(Dataset entries)
+ + + + + + +
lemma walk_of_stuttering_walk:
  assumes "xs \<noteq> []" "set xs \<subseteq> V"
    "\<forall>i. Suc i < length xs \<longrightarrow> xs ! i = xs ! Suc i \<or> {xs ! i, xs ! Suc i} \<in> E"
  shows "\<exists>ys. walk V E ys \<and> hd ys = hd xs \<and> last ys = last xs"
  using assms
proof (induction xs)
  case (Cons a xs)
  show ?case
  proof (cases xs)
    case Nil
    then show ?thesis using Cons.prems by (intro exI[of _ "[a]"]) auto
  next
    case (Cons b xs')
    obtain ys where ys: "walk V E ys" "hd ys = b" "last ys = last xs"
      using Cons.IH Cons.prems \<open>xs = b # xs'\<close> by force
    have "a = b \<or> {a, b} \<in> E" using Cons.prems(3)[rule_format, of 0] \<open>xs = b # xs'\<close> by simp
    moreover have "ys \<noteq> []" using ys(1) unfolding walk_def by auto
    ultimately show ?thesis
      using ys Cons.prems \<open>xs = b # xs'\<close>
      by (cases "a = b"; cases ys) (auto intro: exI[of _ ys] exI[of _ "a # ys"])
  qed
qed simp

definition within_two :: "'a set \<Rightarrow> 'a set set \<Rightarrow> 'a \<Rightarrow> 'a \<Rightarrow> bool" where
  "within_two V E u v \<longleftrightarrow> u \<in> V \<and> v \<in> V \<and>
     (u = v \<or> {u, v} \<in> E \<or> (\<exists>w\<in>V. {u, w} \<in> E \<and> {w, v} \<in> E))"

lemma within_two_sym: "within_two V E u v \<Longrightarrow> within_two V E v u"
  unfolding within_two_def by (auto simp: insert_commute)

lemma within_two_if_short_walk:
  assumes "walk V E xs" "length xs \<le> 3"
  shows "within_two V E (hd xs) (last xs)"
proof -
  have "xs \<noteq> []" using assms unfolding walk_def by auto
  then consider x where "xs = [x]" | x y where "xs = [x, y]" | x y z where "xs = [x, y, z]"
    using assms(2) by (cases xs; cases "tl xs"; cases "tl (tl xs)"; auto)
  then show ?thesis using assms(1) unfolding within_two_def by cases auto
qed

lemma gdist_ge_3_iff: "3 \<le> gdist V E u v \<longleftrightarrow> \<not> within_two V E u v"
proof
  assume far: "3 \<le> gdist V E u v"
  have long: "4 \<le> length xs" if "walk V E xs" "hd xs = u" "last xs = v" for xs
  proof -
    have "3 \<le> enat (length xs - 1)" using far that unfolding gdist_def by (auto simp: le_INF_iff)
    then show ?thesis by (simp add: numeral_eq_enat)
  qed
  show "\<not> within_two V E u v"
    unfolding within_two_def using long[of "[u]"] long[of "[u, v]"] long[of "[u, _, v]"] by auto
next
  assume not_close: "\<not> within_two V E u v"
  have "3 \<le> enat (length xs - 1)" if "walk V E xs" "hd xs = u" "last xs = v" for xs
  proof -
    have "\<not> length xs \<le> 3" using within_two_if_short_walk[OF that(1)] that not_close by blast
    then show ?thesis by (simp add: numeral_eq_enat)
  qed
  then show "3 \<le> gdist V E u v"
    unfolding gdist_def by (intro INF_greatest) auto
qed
+ + + + + + +
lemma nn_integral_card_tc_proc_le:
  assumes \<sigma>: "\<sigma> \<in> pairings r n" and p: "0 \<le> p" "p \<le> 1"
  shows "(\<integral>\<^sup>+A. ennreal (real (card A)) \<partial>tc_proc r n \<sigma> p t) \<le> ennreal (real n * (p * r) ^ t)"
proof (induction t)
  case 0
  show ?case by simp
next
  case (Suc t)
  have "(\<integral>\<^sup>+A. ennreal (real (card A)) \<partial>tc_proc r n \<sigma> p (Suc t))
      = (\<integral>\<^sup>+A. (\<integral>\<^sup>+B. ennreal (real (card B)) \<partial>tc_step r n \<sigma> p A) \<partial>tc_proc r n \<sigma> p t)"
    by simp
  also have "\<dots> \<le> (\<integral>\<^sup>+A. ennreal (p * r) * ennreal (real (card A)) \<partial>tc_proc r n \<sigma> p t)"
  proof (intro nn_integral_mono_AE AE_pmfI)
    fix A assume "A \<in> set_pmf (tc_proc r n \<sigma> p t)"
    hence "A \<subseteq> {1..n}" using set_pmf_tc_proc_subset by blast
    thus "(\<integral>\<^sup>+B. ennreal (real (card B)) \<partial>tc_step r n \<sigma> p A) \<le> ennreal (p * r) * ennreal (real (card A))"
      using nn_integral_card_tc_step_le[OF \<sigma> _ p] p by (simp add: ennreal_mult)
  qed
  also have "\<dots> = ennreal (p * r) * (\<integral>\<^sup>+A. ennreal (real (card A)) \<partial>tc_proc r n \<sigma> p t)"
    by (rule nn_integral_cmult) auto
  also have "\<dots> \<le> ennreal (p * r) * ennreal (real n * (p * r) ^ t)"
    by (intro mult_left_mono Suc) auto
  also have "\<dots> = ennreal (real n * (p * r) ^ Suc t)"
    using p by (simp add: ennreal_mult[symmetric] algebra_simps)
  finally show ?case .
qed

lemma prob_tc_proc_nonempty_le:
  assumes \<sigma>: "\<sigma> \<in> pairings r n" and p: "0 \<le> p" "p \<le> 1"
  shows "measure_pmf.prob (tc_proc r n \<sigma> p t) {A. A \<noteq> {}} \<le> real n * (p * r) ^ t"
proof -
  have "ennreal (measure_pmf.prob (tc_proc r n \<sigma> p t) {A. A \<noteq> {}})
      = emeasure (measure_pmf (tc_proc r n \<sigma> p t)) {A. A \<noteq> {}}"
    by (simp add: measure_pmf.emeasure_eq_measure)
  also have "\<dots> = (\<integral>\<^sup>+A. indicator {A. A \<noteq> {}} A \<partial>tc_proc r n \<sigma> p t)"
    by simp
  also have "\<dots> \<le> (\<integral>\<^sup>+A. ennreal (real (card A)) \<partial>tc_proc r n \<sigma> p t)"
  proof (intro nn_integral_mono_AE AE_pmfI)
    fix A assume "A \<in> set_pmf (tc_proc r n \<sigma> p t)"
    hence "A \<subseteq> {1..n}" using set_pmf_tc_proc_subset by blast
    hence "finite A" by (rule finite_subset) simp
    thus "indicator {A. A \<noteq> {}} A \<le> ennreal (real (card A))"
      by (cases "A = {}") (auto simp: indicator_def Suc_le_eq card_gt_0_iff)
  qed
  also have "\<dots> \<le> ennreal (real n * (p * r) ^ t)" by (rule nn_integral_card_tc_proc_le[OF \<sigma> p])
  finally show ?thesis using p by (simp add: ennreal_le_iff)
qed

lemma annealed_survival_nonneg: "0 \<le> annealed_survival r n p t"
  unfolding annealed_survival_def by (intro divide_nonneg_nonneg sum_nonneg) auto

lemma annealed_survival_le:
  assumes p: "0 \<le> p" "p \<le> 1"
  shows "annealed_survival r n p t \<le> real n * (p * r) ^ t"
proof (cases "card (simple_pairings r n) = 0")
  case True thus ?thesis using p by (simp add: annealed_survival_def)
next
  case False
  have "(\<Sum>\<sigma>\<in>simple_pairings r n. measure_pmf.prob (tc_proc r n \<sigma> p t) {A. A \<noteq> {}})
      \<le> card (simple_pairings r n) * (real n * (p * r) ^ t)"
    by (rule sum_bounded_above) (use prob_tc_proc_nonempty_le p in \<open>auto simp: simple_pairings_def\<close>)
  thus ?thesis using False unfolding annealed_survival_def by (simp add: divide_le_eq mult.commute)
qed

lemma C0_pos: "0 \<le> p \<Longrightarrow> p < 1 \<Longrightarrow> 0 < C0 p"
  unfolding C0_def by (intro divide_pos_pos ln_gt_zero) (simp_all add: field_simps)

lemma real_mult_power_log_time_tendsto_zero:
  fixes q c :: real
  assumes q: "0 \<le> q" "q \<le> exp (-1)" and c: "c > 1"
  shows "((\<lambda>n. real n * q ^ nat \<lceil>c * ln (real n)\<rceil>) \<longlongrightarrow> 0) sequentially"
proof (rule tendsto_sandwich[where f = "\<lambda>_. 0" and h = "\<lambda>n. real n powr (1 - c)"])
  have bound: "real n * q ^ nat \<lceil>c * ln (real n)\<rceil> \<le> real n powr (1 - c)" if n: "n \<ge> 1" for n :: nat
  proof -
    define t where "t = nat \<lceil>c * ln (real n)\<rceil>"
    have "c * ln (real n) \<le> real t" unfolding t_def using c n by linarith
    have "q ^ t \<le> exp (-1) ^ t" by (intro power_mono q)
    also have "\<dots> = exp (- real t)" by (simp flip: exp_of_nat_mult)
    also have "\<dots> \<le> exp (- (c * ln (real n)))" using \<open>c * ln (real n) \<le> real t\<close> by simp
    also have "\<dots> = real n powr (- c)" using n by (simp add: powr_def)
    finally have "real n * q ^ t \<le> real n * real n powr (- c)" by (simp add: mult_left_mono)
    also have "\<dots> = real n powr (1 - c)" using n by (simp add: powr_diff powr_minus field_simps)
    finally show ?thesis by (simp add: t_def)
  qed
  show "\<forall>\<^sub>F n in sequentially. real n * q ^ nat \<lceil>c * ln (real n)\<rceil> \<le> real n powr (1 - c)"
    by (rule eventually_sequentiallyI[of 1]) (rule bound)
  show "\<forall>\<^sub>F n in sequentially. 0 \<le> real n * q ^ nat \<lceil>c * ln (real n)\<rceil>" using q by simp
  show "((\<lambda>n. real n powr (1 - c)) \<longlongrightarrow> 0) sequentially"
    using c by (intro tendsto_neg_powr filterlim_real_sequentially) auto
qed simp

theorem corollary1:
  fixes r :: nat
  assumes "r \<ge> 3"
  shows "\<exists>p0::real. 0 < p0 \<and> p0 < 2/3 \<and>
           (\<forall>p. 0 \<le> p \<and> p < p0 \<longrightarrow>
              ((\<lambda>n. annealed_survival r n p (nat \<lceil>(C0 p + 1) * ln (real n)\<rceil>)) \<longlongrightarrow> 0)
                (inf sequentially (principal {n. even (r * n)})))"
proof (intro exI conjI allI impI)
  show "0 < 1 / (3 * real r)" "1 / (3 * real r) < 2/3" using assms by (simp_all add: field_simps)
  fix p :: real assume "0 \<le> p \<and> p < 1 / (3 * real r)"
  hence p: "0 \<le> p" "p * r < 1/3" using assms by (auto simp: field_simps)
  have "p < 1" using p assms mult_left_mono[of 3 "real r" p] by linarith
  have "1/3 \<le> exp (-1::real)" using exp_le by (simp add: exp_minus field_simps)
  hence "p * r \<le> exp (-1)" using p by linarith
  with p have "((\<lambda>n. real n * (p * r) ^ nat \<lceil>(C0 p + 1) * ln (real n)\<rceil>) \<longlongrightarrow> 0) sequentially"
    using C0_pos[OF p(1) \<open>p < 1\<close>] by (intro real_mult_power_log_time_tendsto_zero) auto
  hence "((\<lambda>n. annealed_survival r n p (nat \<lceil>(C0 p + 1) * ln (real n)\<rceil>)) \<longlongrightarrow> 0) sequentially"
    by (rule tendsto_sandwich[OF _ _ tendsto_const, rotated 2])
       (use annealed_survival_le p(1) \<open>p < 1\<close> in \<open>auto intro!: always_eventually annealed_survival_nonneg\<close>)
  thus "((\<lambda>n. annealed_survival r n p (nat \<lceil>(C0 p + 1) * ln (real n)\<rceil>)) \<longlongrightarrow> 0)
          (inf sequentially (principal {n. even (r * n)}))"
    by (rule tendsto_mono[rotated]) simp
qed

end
+ + + + + + +
_Work item_
Using the entries above, tally every line that holds the word "finally". Answer with that number only.

_Output for this task_
4